Debra Cronmiller, executive director of the Wisconsin League of Women Voters, called for passage of federal legislation to make voting and voter registration easier, block gerrymandering and prevent the use of funds from undisclosed donors to influence election outcomes, as well as the passage of legislation to restore protections that have been stripped away from the 1965 Voting Rights Act.
“In Wisconsin, we need to work across the aisle to defend our democracy,” Cronmiller said, including ensuring the safety of elections officials. “Our democracy has been weakened by the partisan misinformation about our elections and our elected officials. In the same manner, misinformation has done real harm to our democracy.”
Military retiree turns activist for democracy
Smith outlined his own journey from non-political military veteran to pro-democracy activist — a departure from what he called “a sort of unwritten rule” that typically keeps retired senior military officers out of politics,
“Make no mistake — this year democracy is on the ballot,” Smith said.
Smith retired from the Navy in 2015. During the 2016 campaign, he said in a short interview after the news conference, he and some fellow military retirees were alarmed by Trump’s campaign positions.
“He was talking about abandoning our allies,” Smith said. “He was talking about closing the borders, too, and not allowing anybody in, [that] type of thing. We saw him as a threat to national security.”
That led Smith and his colleagues to assist the campaign of Hillary Clinton, giving voice to their concerns about Trump. “In retrospect, we had no idea how bad that would become,” he said.
In 2020 he assisted the Biden campaign, forming National Security Leaders for America — “all volunteers, bipartisan, Democrats, independents, Republicans” — to oppose Trump and support Biden’s election.
“We thought we were just going to be around for the campaign to get rid of Trump,” Smith said. With the Jan. 6 attack, “we saw he wasn’t going away, and so we stayed together.”

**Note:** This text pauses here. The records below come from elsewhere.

lemma nbrs_eq: "base_graph_nbrs \<B> B0 = (\<lambda>(x,y). insert y (B0 - {x})) ` exch"
proof (intro set_eqI iffI)
  fix B assume "B \<in> base_graph_nbrs \<B> B0"
  hence B: "B \<in> \<B>" "card ((B0 - B) \<union> (B - B0)) = 2" unfolding base_graph_nbrs_def by auto
  have "card (B0 - B) = card (B - B0)" using card_diff_eq[of B0 B] card_base[OF B(1)] by simp
  moreover have "card ((B0 - B) \<union> (B - B0)) = card (B0 - B) + card (B - B0)"
    by (rule card_Un_disjoint) auto
  ultimately have "card (B0 - B) = 1" "card (B - B0) = 1" using B(2) by auto
  then obtain x y where x: "B0 - B = {x}" and y: "B - B0 = {y}" by (metis card_1_singletonE)
  have Beq: "B = insert y (B0 - {x})"
  proof (rule set_eqI)
    fix z
    have "z \<in> B0 - B \<longleftrightarrow> z = x" "z \<in> B - B0 \<longleftrightarrow> z = y" using x y by auto
    thus "z \<in> B \<longleftrightarrow> z \<in> insert y (B0 - {x})" by auto
  qed
  have "(x,y) \<in> exch" unfolding exch_def using x y B(1) Beq by auto
  thus "B \<in> (\<lambda>(x,y). insert y (B0 - {x})) ` exch" by (rule image_eqI[rotated]) (simp add: Beq)
next
  fix B assume "B \<in> (\<lambda>(x,y). insert y (B0 - {x})) ` exch"
  then obtain x y where xy: "x \<in> B0" "y \<notin> B0" "B \<in> \<B>" "B = insert y (B0 - {x})"
    unfolding exch_def by auto
  hence "(B0 - B) \<union> (B - B0) = {x, y}" "x \<noteq> y" by auto
  thus "B \<in> base_graph_nbrs \<B> B0" using xy unfolding base_graph_nbrs_def by simp
qed

lemma card_nbrs: "card (base_graph_nbrs \<B> B0) = card exch"
proof -
  have "inj_on (\<lambda>(x,y). insert y (B0 - {x})) exch"
  proof (rule inj_onI, clarsimp simp: exch_def)
    fix x y x' y'
    assume h: "x \<in> B0" "y \<notin> B0" "x' \<in> B0" "y' \<notin> B0"
      "insert y (B0 - {x}) = insert y' (B0 - {x'})"
    have "x = x'"
    proof (rule ccontr)
      assume "x \<noteq> x'"
      hence "x' \<in> insert y (B0 - {x})" using h(3) by auto
      thus False using h by auto
    qed
    moreover have "y \<in> insert y' (B0 - {x'})" using h(5) by auto
    ultimately show "x = x' \<and> y = y'" using h(2) by auto
  qed
  thus ?thesis by (simp add: nbrs_eq card_image)
qed

lemma card_dirs: "card dirs = card exch"
  unfolding dirs_def using exch_dir_inj_exch by (simp add: card_image)

(* If K is closed under exchange at B0 (x \<in> K \<longleftrightarrow> y \<in> K for (x,y) \<in> exch), every base meets
   K in at most (hence, applying this to -K as well, exactly) |B0 \<inter> K| elements: by the
   fundamental circuits, v(B \<inter> K) lies in the span of v(B0 \<inter> K). *)
lemma closed_card_le:
  assumes K: "\<And>x y. (x,y) \<in> exch \<Longrightarrow> y \<in> K \<Longrightarrow> x \<in> K" and B: "B \<in> \<B>"
  shows "card (B \<inter> K) \<le> card (B0 \<inter> K)"
proof (rule card_le_of_span)
  show "indep_F2 v (B \<inter> K)" by (rule indep_F2_mono[OF base_indep[OF B]]) auto
next
  fix i assume i: "i \<in> B \<inter> K"
  show "v i \<in> F2.span (v ` (B0 \<inter> K))"
  proof (cases "i \<in> B0")
    case True thus ?thesis using i by (intro F2.span_base) auto
  next
    case False
    have "{x\<in>B0. insert i (B0 - {x}) \<in> \<B>} \<subseteq> B0 \<inter> K"
      using K i False unfolding exch_def by auto
    hence "F2.span (v ` {x\<in>B0. insert i (B0 - {x}) \<in> \<B>}) \<subseteq> F2.span (v ` (B0 \<inter> K))"
      by (intro F2.span_mono image_mono)
    thus ?thesis using fundamental_circuit_span[OF B0 False] by blast
  qed
qed
lemma Lp_space_lincomb:
  assumes "0 \<le> p" "f \<in> Lp_space p" "g \<in> Lp_space p"
  shows "(\<lambda>x. a * f x + b * g x) \<in> Lp_space p"
proof -
  note f = Lp_spaceD[OF assms(2)] and g = Lp_spaceD[OF assms(3)]
  have dominant: "integrable unitI
      (\<lambda>x. 2 powr p * (\<bar>a\<bar> powr p * \<bar>f x\<bar> powr p + \<bar>b\<bar> powr p * \<bar>g x\<bar> powr p))"
    using f(2) g(2) by auto
  have pointwise: "\<bar>a * f x + b * g x\<bar> powr p
      \<le> 2 powr p * (\<bar>a\<bar> powr p * \<bar>f x\<bar> powr p + \<bar>b\<bar> powr p * \<bar>g x\<bar> powr p)" for x
    using abs_add_powr_le[OF assms(1), of "a * f x" "b * g x"] by (simp add: abs_mult powr_mult)
  have "integrable unitI (\<lambda>x. \<bar>a * f x + b * g x\<bar> powr p)"
    by (rule Bochner_Integration.integrable_bound[OF dominant]) (use f(1) g(1) pointwise in auto)
  moreover have "(\<lambda>x. a * f x + b * g x) \<in> borel_measurable unitI"
    using f(1) g(1) by measurable
  ultimately show ?thesis by (simp add: Lp_space_def)
qed

lemma square_le_powr_split:
  fixes v l p :: real
  assumes "2 \<le> p" "0 < l"
  shows "v\<^sup>2 \<le> 1 / l\<^sup>2 + l powr (p - 2) * \<bar>v\<bar> powr p"
proof (cases "l * \<bar>v\<bar> \<le> 1")
  case True
  then have "\<bar>v\<bar> \<le> 1 / l" using assms by (simp add: field_simps)
  then have "v\<^sup>2 \<le> (1 / l)\<^sup>2"
    by (metis abs_ge_zero power2_abs power_mono)
  then show ?thesis by (simp add: power_one_over add_increasing2)
next
  case False
  then have "1 \<le> (l * \<bar>v\<bar>) powr (p - 2)"
    using assms by (simp add: ge_one_powr_ge_zero)
  then have "v\<^sup>2 \<le> (l * \<bar>v\<bar>) powr (p - 2) * \<bar>v\<bar> powr 2"
    by (simp add: mult_le_cancel_right1)
  also have "\<dots> = l powr (p - 2) * \<bar>v\<bar> powr p"
    using assms powr_add[of "\<bar>v\<bar>" "p - 2" 2] by (simp add: powr_mult)
  finally show ?thesis
    by (simp add: add_increasing)
qed

lemma integrable_square_Lp:
  assumes "2 \<le> p" "f \<in> Lp_space p"
  shows "integrable unitI (\<lambda>x. (f x)\<^sup>2)"
proof -
  have "integrable unitI (\<lambda>x. 1 + \<bar>f x\<bar> powr p)"
    using Lp_spaceD(2)[OF assms(2)] by simp
  then show ?thesis
    by (rule Bochner_Integration.integrable_bound)
       (use Lp_spaceD(1)[OF assms(2)] square_le_powr_split[OF assms(1), of 1] in auto)
qed

lemma sq_integral_le_powr_split:
  assumes "2 \<le> p" "0 < l" "f \<in> Lp_space p"
  shows "sq_integral f \<le> 1 / l\<^sup>2 + l powr (p - 2) * Lp_integral p f"
proof -
  have "sq_integral f \<le> (LINT x|unitI. 1 / l\<^sup>2 + l powr (p - 2) * \<bar>f x\<bar> powr p)"
    using integrable_square_Lp[OF assms(1,3)] Lp_spaceD(2)[OF assms(3)]
      square_le_powr_split[OF assms(1,2)]
    by (intro integral_mono) auto
  also have "\<dots> = 1 / l\<^sup>2 + l powr (p - 2) * Lp_integral p f"
    using Lp_spaceD(2)[OF assms(3)] by (simp add: Bochner_Integration.integral_add measure_unitI)
  finally show ?thesis .
qed

lemma sq_integral_le_Lp_integral:
  assumes "2 \<le> p" "f \<in> Lp_space p" "0 < N" "Lp_integral p f \<le> N"
  shows "sq_integral f \<le> 2 * N powr (2 / p)"
proof -
  define l where "l = N powr (- 1 / p)"
  have "0 < l" using assms(3) by (simp add: l_def)
  have l_sq: "1 / l\<^sup>2 = N powr (2 / p)"
    using assms(3) by (simp add: l_def powr_powr powr_minus_divide[symmetric] powr_numeral[symmetric])
  have "l powr (p - 2) * N = N powr (- 1 / p * (p - 2) + 1)"
    using assms(3) powr_add[of N "- 1 / p * (p - 2)" 1] by (simp add: l_def powr_powr)
  also have "- 1 / p * (p - 2) + 1 = 2 / p"
    using assms(1) by (simp add: field_simps)
  finally have l_pow: "l powr (p - 2) * N = N powr (2 / p)" .
  have "sq_integral f \<le> 1 / l\<^sup>2 + l powr (p - 2) * Lp_integral p f"
    by (rule sq_integral_le_powr_split[OF assms(1) \<open>0 < l\<close> assms(2)])
  also have "\<dots> \<le> 1 / l\<^sup>2 + l powr (p - 2) * N"
    using assms(4) by (simp add: mult_left_mono)
  finally show ?thesis by (simp add: l_sq l_pow)
qed

lemma bounded_Lp_operator_Lp_space:
  assumes "bounded_Lp_operator p T" "f \<in> Lp_space p"
  shows "T f \<in> Lp_space p"
  using assms unfolding bounded_Lp_operator_def by blast

lemma bounded_Lp_operator_linear:
  assumes "bounded_Lp_operator p T" "f \<in> Lp_space p" "g \<in> Lp_space p"
  shows "AE x in unitI. T (\<lambda>y. a * f y + b * g y) x = a * T f x + b * T g x"
  using assms unfolding bounded_Lp_operator_def by blast
(* Let $P\neq Q$ be points in $\mathbb{R}^3$ and let $\gamma:[0,T)\times[0,1]\to\mathbb{R}^3$ be a sufficiently smooth family of curves with $|\gamma_u|_g\neq0$ everywhere, $\gamma(0,\cdot)$ a regular horizontal curve from $P$ to $Q$, $\gamma(t,0)=P$, $\gamma(t,1)=Q$ for all $t$, and $$\gamma_t(t,u)=\vec k_g(t,u)+\lambda(t)N(t,u)-\Big(\int_0^u(k(t,\xi)+\lambda(t))|\gamma_u(t,\xi)|_gd\xi\Big)X_3(\gamma(t,u))$$ for $(t,u)\in(0,T)\times(0,1)$, where $\lambda(t)=-\frac{\int_0^1k(t,u)|\gamma_u(t,u)|_gdu}{L(\gamma(t))}$. Then $t\mapsto L(\gamma(t))$ is nonincreasing.
   Context: Write $\gamma=(\gamma^1,\gamma^2,\gamma^3)^t$. $|\gamma_u|_g=\sqrt{(\gamma^1_u)^2+(\gamma^2_u)^2}$ and $L(\gamma)=\int_0^1|\gamma_u|_gdu$. A curve is horizontal if $\gamma^3_u=-\tfrac12\gamma^2\gamma^1_u+\tfrac12\gamma^1\gamma^2_u$. $X_3=(0,0,1)^t$. $k=\frac{\gamma^2_{uu}\gamma^1_u-\gamma^2_u\gamma^1_{uu}}{((\gamma^1_u)^2+(\gamma^2_u)^2)^{3/2}}$, $N=\frac1{|\gamma_u|_g}\big(-\gamma^2_u,\ \gamma^1_u,\ \tfrac12\gamma^2\gamma^2_u+\tfrac12\gamma^1\gamma^1_u\big)^t$, and $\vec k_g=kN$. *)

theory Defs
  imports "HOL-Analysis.Analysis"
begin

definition gnorm :: "real^3 \<Rightarrow> real" where
  "gnorm v = sqrt ((v$1)^2 + (v$2)^2)"

definition cderiv :: "(real \<Rightarrow> real^3) \<Rightarrow> real \<Rightarrow> real^3" where
  "cderiv c u = vector_derivative c (at u within {0..1})"

definition Lg :: "(real \<Rightarrow> real^3) \<Rightarrow> real" where
  "Lg c = integral {0..1} (\<lambda>u. gnorm (cderiv c u))"

definition horizontal :: "(real \<Rightarrow> real^3) \<Rightarrow> bool" where
  "horizontal c \<longleftrightarrow> (\<forall>u\<in>{0..1}. c differentiable (at u within {0..1}) \<and>
      (cderiv c u)$3 = - (1/2) * (c u)$2 * (cderiv c u)$1 + (1/2) * (c u)$1 * (cderiv c u)$2)"

definition regular_curve :: "(real \<Rightarrow> real^3) \<Rightarrow> bool" where
  "regular_curve c \<longleftrightarrow> (\<forall>u\<in>{0..1}. c differentiable (at u within {0..1}) \<and> cderiv c u \<noteq> 0)"

definition X3 :: "real^3" where
  "X3 = vector [0, 0, 1]"

text \<open>Curvature k from the first and second u-derivatives v = gamma_u, a = gamma_uu.\<close>
definition kcurv :: "real^3 \<Rightarrow> real^3 \<Rightarrow> real" where
  "kcurv v a = (a$2 * v$1 - v$2 * a$1) / ((v$1)^2 + (v$2)^2) powr (3/2)"

text \<open>Normal N at point p with tangent v = gamma_u.\<close>
definition Nvec :: "real^3 \<Rightarrow> real^3 \<Rightarrow> real^3" where
  "Nvec p v = (1 / gnorm v) *\<^sub>R vector [- v$2, v$1, (1/2) * p$2 * v$2 + (1/2) * p$1 * v$1]"

definition kgvec :: "real^3 \<Rightarrow> real^3 \<Rightarrow> real^3 \<Rightarrow> real^3" where
  "kgvec p v a = kcurv v a *\<^sub>R Nvec p v"

end

theory Submission
  imports Defs
begin

text \<open>The horizontal part of \<open>\<gamma>\<^sub>t\<close> is \<open>(k + \<lambda>)\<close> times the horizontal unit normal, so it is
  orthogonal to \<open>\<gamma>\<^sub>u\<close> in the first two coordinates. Differentiating this orthogonality in \<open>u\<close>
  gives \<open>\<langle>\<gamma>\<^sub>u, \<gamma>\<^sub>u\<^sub>t\<rangle> = -\<langle>\<gamma>\<^sub>u\<^sub>u, \<gamma>\<^sub>t\<rangle> = -(k + \<lambda>) k |\<gamma>\<^sub>u|\<^sub>g\<^sup>2\<close>, hence the first variation
  of length is \<open>-\<integral> (k + \<lambda>) k |\<gamma>\<^sub>u|\<^sub>g du\<close>. Since \<open>-\<lambda>\<close> is the \<open>|\<gamma>\<^sub>u|\<^sub>g\<close>-weighted mean of \<open>k\<close>,
  this equals \<open>-\<integral> (k + \<lambda>)\<^sup>2 |\<gamma>\<^sub>u|\<^sub>g du \<le> 0\<close>.\<close>

definition hinner :: "real^3 \<Rightarrow> real^3 \<Rightarrow> real" where
  "hinner v w = v$1 * w$1 + v$2 * w$2"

The organization’s reason for being has expanded beyond Trump. “Our whole mission is to defend democracy and to counter candidates and issues that are anti-democratic,” Smith said.
At the news conference, Smith was unequivocal in his criticism of the former president and political leaders “who serve as apologists, if not promoters” for the Jan. 6 attack.
“This implicit or even explicit endorsement normalizes the use of violence as an accepted action, should the vote not go the way the losers wanted it to go,” Smith said. “No one who was so willing to undermine the rule of law should be responsible for faithfully executing our nation’s laws. Trump must be stopped.”
Getting the word out
Ramos said the Wisconsin Democracy Campaign plans a series of events in 2024 to reach “the average, everyday person [who] isn’t as tuned in” to political news. He added that the organization plans nonpartisan, educational outreach to engage more voters and to highlight the ways in which democracy has been attacked beyond the Jan. 6 assault, identifying those attacks as “political corruption.”
Lewis said Souls to the Polls will ramp up post card and in-person campaigns to boost turnout. Cronmiller said the League of Women Voters will continue its longstanding efforts to inform voters about the dates of elections and procedures for voting, both at the polling place and by absentee ballot. The League will also launch campaigns to reach marginalized communities, she said.
Smith acknowledged that “millions of normal Americans,” occupied with their work, their families and their everyday lives, pay little attention to political news — in contrast to the activists who attended the news conference in support of the organizers.
“Heck, for me, that was most of my career,” he said. But in an election year and on the verge of the Jan. 6 anniversary, “it’s time to make clear to the people in your lives, who don’t follow every twist and turn of the news cycle, that the threat Donald Trump poses is real.”